Task to complete. Pick every line out of the entries below that has the string "open", and copy it.

──────── Exercise materials ────────

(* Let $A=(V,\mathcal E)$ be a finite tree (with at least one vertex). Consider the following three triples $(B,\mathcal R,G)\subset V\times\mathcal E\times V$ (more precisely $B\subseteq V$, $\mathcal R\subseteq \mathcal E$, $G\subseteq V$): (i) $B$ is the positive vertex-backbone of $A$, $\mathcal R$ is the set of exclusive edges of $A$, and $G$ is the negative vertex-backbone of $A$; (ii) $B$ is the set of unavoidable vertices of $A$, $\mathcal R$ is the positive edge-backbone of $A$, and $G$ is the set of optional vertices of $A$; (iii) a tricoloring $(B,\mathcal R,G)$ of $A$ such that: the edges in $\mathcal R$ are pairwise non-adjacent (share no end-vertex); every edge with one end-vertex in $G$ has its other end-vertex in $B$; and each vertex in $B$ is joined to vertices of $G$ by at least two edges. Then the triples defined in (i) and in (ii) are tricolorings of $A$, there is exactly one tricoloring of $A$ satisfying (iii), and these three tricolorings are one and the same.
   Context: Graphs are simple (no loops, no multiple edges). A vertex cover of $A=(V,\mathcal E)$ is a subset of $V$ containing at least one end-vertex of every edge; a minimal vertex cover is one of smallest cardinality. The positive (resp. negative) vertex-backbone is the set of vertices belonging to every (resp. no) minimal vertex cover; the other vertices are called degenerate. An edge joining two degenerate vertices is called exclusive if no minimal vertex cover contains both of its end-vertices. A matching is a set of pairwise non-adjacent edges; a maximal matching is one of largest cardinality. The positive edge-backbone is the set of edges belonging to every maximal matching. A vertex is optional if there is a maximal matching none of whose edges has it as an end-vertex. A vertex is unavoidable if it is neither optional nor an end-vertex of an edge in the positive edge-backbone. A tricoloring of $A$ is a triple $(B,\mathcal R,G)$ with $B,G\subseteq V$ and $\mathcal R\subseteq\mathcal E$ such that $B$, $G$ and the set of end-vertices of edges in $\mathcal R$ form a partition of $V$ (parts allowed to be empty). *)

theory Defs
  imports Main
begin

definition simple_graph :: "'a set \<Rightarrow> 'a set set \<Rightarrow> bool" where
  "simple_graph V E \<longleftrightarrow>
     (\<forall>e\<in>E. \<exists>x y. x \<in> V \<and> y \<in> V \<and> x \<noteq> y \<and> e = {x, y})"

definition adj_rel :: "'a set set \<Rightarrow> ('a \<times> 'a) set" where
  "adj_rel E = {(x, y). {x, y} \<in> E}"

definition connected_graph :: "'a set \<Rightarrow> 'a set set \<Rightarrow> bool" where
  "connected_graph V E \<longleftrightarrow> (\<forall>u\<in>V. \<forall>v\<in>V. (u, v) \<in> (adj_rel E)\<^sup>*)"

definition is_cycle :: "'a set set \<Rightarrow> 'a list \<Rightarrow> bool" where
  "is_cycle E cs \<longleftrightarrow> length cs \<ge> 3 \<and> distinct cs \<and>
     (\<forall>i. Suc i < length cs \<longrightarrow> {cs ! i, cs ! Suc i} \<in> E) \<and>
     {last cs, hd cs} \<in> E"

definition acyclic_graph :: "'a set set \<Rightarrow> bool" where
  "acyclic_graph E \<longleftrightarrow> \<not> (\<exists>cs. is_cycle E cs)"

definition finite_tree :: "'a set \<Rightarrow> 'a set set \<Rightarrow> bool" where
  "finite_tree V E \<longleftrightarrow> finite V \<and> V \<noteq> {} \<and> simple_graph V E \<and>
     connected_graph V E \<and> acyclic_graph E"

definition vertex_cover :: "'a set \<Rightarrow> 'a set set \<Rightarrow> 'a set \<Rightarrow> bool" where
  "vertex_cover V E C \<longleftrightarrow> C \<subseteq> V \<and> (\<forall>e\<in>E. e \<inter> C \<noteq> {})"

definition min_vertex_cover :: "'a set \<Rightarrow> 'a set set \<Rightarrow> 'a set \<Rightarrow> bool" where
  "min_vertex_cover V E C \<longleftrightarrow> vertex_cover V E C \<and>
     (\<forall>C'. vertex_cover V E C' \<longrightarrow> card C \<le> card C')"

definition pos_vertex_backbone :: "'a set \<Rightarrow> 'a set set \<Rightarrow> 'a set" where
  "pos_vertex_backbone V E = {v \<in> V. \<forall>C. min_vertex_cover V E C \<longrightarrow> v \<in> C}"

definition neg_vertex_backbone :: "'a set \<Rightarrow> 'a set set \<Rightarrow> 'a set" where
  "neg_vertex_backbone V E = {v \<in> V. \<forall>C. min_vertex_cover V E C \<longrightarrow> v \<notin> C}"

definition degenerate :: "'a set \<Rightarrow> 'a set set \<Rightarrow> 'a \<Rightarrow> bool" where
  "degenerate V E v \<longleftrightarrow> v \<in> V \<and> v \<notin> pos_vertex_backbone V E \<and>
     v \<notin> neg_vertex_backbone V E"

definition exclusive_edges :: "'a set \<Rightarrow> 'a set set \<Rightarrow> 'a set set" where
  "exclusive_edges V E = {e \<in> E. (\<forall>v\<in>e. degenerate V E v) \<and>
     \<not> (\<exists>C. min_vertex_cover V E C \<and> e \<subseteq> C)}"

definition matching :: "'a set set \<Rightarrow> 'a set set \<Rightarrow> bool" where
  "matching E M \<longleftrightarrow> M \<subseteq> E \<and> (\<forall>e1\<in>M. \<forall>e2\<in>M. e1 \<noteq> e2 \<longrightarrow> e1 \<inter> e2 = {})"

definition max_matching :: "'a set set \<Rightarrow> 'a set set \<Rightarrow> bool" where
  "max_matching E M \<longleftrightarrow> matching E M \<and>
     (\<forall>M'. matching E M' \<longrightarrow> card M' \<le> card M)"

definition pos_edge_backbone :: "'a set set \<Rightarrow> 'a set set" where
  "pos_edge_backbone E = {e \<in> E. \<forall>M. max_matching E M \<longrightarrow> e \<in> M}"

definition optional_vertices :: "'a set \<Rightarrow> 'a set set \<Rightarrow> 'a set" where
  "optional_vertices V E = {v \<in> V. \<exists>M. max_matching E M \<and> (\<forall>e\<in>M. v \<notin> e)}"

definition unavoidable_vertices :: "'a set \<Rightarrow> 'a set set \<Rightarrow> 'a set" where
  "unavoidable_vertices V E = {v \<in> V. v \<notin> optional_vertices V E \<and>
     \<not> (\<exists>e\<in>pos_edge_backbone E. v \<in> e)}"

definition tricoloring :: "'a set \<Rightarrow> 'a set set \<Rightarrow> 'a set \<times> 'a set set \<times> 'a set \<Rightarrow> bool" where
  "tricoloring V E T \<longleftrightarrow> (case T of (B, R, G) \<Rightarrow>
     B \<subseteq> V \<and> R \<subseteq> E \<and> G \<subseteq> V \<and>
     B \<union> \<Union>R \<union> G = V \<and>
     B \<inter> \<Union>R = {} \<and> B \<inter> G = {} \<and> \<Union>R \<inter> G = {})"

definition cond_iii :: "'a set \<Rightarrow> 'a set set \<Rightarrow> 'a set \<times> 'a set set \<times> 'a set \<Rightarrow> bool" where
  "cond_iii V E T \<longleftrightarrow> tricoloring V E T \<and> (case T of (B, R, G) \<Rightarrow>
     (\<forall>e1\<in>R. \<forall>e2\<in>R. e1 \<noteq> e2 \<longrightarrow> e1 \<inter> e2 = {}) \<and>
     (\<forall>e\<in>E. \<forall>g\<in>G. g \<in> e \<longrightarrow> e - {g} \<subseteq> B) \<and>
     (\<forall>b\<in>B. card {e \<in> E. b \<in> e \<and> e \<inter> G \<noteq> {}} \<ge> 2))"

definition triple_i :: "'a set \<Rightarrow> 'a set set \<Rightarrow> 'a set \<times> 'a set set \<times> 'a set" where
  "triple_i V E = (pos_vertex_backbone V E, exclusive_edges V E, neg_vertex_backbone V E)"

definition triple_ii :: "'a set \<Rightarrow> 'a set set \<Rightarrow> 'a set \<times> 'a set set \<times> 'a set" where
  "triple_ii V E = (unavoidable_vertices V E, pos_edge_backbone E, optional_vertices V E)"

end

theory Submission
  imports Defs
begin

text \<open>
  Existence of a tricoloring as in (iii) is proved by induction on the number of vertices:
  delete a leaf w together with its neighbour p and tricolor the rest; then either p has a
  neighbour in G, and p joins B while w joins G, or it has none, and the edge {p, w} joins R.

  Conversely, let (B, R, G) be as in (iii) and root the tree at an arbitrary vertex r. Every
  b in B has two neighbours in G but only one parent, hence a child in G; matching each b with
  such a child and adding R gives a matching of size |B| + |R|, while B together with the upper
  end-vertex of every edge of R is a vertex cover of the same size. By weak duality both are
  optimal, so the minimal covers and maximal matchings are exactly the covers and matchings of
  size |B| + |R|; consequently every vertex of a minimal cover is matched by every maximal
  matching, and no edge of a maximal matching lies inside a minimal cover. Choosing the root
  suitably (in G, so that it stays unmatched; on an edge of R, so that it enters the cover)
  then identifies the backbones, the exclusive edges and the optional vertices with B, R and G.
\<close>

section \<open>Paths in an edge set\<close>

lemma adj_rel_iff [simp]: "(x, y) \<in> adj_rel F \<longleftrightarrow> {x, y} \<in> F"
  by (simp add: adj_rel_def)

────────

Solution to the problem.
text \<open>
section \<open>Paths in an edge set\<close>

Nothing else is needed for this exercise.